lemma subadditive_div_tendsto_Inf:
  fixes a :: "nat \<Rightarrow> real"
  assumes sub: "\<And>m n. a (m + n) \<le> a m + a n" and nonneg: "\<And>n. 0 \<le> a n"
  defines "L \<equiv> Inf ((\<lambda>n. a n / real n) ` {1..})"
  shows "(\<lambda>n. a n / real n) \<longlonglongrightarrow> L"
proof (rule LIMSEQ_I)
  fix e :: real assume e: "0 < e"
  have bdd: "bdd_below ((\<lambda>n. a n / real n) ` {1..})"
    by (rule bdd_belowI[of _ 0]) (auto intro!: divide_nonneg_nonneg nonneg)
  have L_le: "L \<le> a n / real n" if "1 \<le> n" for n
    unfolding L_def by (rule cInf_lower[OF _ bdd]) (use that in auto)
  obtain m where m: "1 \<le> m" "a m / real m < L + e / 2"
    using cInf_lessD[of "(\<lambda>n. a n / real n) ` {1..}" "L + e / 2"] e unfolding L_def by auto
  define C where "C = Max (a ` {..<m})"
  have C: "a r \<le> C" if "r < m" for r
    unfolding C_def by (rule Max_ge) (use that in auto)
  have "0 \<le> C" using C[of 0] nonneg[of 0] m by simp
  obtain N :: nat where N: "2 * C / e + 1 < N" using reals_Archimedean2 by blast
  have "norm (a n / real n - L) < e" if "N \<le> n" for n
  proof -
    have "2 * C / e + 1 < real n" using N that by (meson of_nat_le_iff order_less_le_trans)
    moreover have "0 \<le> 2 * C / e" using \<open>0 \<le> C\<close> e by simp
    ultimately have "0 < real n" "2 * C / e < real n" by linarith+
    then have n: "0 < real n" "2 * C < e * real n" using e by (simp_all add: pos_divide_less_eq mult.commute)
    define q where "q = n div m"
    have "real q * real m \<le> real n"
      unfolding q_def of_nat_mult[symmetric] of_nat_le_iff by simp
    then have q: "real q * a m \<le> real n / real m * a m"
      using m(1) nonneg[of m] by (intro mult_right_mono) (simp_all add: field_simps)
    have "a n \<le> real q * a m + a (n mod m)"
      using subadditive_le_mult[of a q m "n mod m", OF sub] by (simp add: q_def)
    also have "\<dots> \<le> real n / real m * a m + C" using q C[of "n mod m"] m(1) by simp
    finally have "a n / real n \<le> a m / real m + C / real n" using n by (simp add: field_simps)
    moreover have "C / real n < e / 2" using n by (simp add: field_simps)
    ultimately have "a n / real n - L < e" using m(2) by linarith
    then show ?thesis using L_le[of n] n by simp
  qed
  then show "\<exists>N. \<forall>n\<ge>N. norm (a n / real n - L) < e" by blast
qed

lemma conn_const_exp_limit:
  obtains L where "(\<lambda>n. ln (real (card (SAW n))) / real n) \<longlonglongrightarrow> L" "conn_const = exp L"
proof -
  define a where "a = (\<lambda>n. ln (real (card (SAW n))))"
  have pos: "0 < real (card (SAW n))" for n
    using card_Bridge_pos[of n] card_Bridge_le_card_SAW[of n] by simp
  have "a (m + n) \<le> a m + a n" for m n
  proof -
    have "real (card (SAW (m + n))) \<le> real (card (SAW m)) * real (card (SAW n))"
      using card_SAW_add_le[of m n] by (metis of_nat_le_iff of_nat_mult)
    then have "ln (real (card (SAW (m + n)))) \<le> ln (real (card (SAW m)) * real (card (SAW n)))"
      using pos by (subst ln_le_cancel_iff) auto
    then show ?thesis using pos by (simp add: a_def ln_mult)
  qed
  moreover have "0 \<le> a n" for n using pos[of n] by (simp add: a_def)
  ultimately obtain L where L: "(\<lambda>n. a n / real n) \<longlonglongrightarrow> L"
    using subadditive_div_tendsto_Inf by blast
  have "\<forall>\<^sub>F n in sequentially. exp (a n / real n) = root n (real (card (SAW n)))"
    using eventually_ge_at_top[of 1] by eventually_elim (use pos in \<open>simp add: root_powr_inverse powr_def a_def\<close>)
  then have "(\<lambda>n. root n (real (card (SAW n)))) \<longlonglongrightarrow> exp L"
    by (rule Lim_transform_eventually[OF tendsto_exp[OF L]])
  then have "conn_const = exp L" unfolding conn_const_def by (rule limI)
  then show ?thesis using that L by (simp add: a_def)
qed

lemma ln_card_Bridge_pow_le: "real j * ln (real (card (Bridge m))) \<le> ln (real (card (SAW (m * j))))"
proof -
  have "card (Bridge m) ^ j \<le> card (SAW (m * j))"
    using card_Bridge_pow_le card_Bridge_le_card_SAW by (rule le_trans)
  then have "real (card (Bridge m)) ^ j \<le> real (card (SAW (m * j)))"
    unfolding of_nat_power[symmetric] of_nat_le_iff .
  moreover have "0 < real (card (Bridge m)) ^ j" using card_Bridge_pos[of m] by simp
  ultimately have "ln (real (card (Bridge m)) ^ j) \<le> ln (real (card (SAW (m * j))))"
    by (rule ln_mono)
  then show ?thesis using card_Bridge_pos[of m] by (simp add: ln_realpow)
qed

lemma conn_const_pos: "0 < conn_const"
  by (metis conn_const_exp_limit exp_gt_zero)

lemma card_Bridge_le_conn_const_pow: "real (card (Bridge m)) \<le> conn_const ^ m"
proof (cases "m = 0")
  case True
  then show ?thesis using card_Bridge_le_card_SAW[of 0] by (simp add: SAW_0)
next
  case False
  obtain L where L: "(\<lambda>n. ln (real (card (SAW n))) / real n) \<longlonglongrightarrow> L" and mu: "conn_const = exp L"
    by (rule conn_const_exp_limit)
  define b where "b = real (card (Bridge m))"
  have "1 \<le> b" using card_Bridge_pos[of m] by (simp add: b_def)
  have "strict_mono (\<lambda>j. m * Suc j)" using False by (auto simp: strict_mono_def)
  then have "(\<lambda>j. ln (real (card (SAW (m * Suc j)))) / real (m * Suc j)) \<longlonglongrightarrow> L"
    by (rule LIMSEQ_subseq_LIMSEQ[OF L, unfolded comp_def])
  moreover have "ln b / real m \<le> ln (real (card (SAW (m * Suc j)))) / real (m * Suc j)" for j
  proof -
    have "real (Suc j) * ln b \<le> ln (real (card (SAW (m * Suc j))))"
      using ln_card_Bridge_pow_le[of "Suc j" m] by (simp add: b_def del: of_nat_Suc)
    then have "real (Suc j) * ln b / real (m * Suc j) \<le> ln (real (card (SAW (m * Suc j)))) / real (m * Suc j)"
      by (rule divide_right_mono) simp
    moreover have "real (Suc j) * ln b / real (m * Suc j) = ln b / real m"
      by (simp only: of_nat_mult) (simp del: of_nat_Suc)
    ultimately show ?thesis by simp
  qed
  ultimately have "ln b / real m \<le> L" by (intro LIMSEQ_le_const) auto
  then have "ln b \<le> real m * L" using False by (simp add: pos_divide_le_eq mult.commute)
  have "b = exp (ln b)" using \<open>1 \<le> b\<close> by simp
  also have "\<dots> \<le> exp (real m * L)" using \<open>ln b \<le> real m * L\<close> by simp
  finally show ?thesis by (simp add: b_def mu exp_of_nat_mult)
qed

lemma sum_power_le_Suc_power: "(\<Sum>i\<le>N. x ^ i) \<le> (x + 1 :: nat) ^ N"
proof -
  have "(\<Sum>i\<le>N. x ^ i) \<le> (\<Sum>i\<le>N. (N choose i) * x ^ i * 1 ^ (N - i))"
    by (intro sum_mono) (simp add: Suc_le_eq)
  also have "\<dots> = (x + 1) ^ N" by (simp only: binomial of_nat_id)
  finally show ?thesis .
qed

lemma card_HSW_few_branches_le:
  "card {\<gamma> \<in> HSW k. num_branches \<gamma> \<le> N} \<le> (k + 2) ^ N * card (Bridge k)"
proof -
  let ?S = "{\<gamma> \<in> HSW k. num_branches \<gamma> \<le> N}"
  let ?L = "{xs. set xs \<subseteq> {0..k} \<and> length xs \<le> N}"
  let ?code = "\<lambda>\<gamma>. (branch_points \<gamma>, unfold_branches \<gamma>)"
  have "?code ` ?S \<subseteq> ?L \<times> Bridge k"
  proof (rule image_subsetI)
    fix \<gamma> assume "\<gamma> \<in> ?S"
    then have "\<gamma> \<in> HSW k" "num_branches \<gamma> \<le> N" "length \<gamma> = Suc k"
      using SAWD(1) by (auto simp: HSW_def)
    then show "?code \<gamma> \<in> ?L \<times> Bridge k"
      using bpt_le_last[of \<gamma>] unfold_branches_Bridge by (auto simp: branch_points_def)
  qed
  moreover have "inj_on ?code ?S"
    by (rule inj_onI) (auto simp: HSW_def intro: unfold_branches_inj)
  ultimately have "card ?S \<le> card (?L \<times> Bridge k)"
    by (intro card_inj_on_le) (simp_all add: finite_lists_length_le finite_Bridge)
  also have "\<dots> = (\<Sum>i\<le>N. Suc k ^ i) * card (Bridge k)"
    by (simp add: card_cartesian_product card_lists_length_le)
  also have "\<dots> \<le> (k + 2) ^ N * card (Bridge k)"
    using sum_power_le_Suc_power[of "Suc k" N] by simp
  finally show ?thesis .
qed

■ **What the exercise asks**
Could you reproduce exactly the lines of the entries above, from the one with "Suc j) \<le>" through the one with "set xs \<subseteq>", and nothing else?

■ **Written answer**
    then have "real (Suc j) * ln b / real (m * Suc j) \<le> ln (real (card (SAW (m * Suc j)))) / real (m * Suc j)"
      by (rule divide_right_mono) simp
    moreover have "real (Suc j) * ln b / real (m * Suc j) = ln b / real m"
      by (simp only: of_nat_mult) (simp del: of_nat_Suc)
    ultimately show ?thesis by simp
  qed
  ultimately have "ln b / real m \<le> L" by (intro LIMSEQ_le_const) auto
  then have "ln b \<le> real m * L" using False by (simp add: pos_divide_le_eq mult.commute)
  have "b = exp (ln b)" using \<open>1 \<le> b\<close> by simp
  also have "\<dots> \<le> exp (real m * L)" using \<open>ln b \<le> real m * L\<close> by simp
  finally show ?thesis by (simp add: b_def mu exp_of_nat_mult)
qed

lemma sum_power_le_Suc_power: "(\<Sum>i\<le>N. x ^ i) \<le> (x + 1 :: nat) ^ N"
proof -
  have "(\<Sum>i\<le>N. x ^ i) \<le> (\<Sum>i\<le>N. (N choose i) * x ^ i * 1 ^ (N - i))"
    by (intro sum_mono) (simp add: Suc_le_eq)
  also have "\<dots> = (x + 1) ^ N" by (simp only: binomial of_nat_id)
  finally show ?thesis .
qed

lemma card_HSW_few_branches_le:
  "card {\<gamma> \<in> HSW k. num_branches \<gamma> \<le> N} \<le> (k + 2) ^ N * card (Bridge k)"
proof -
  let ?S = "{\<gamma> \<in> HSW k. num_branches \<gamma> \<le> N}"
  let ?L = "{xs. set xs \<subseteq> {0..k} \<and> length xs \<le> N}"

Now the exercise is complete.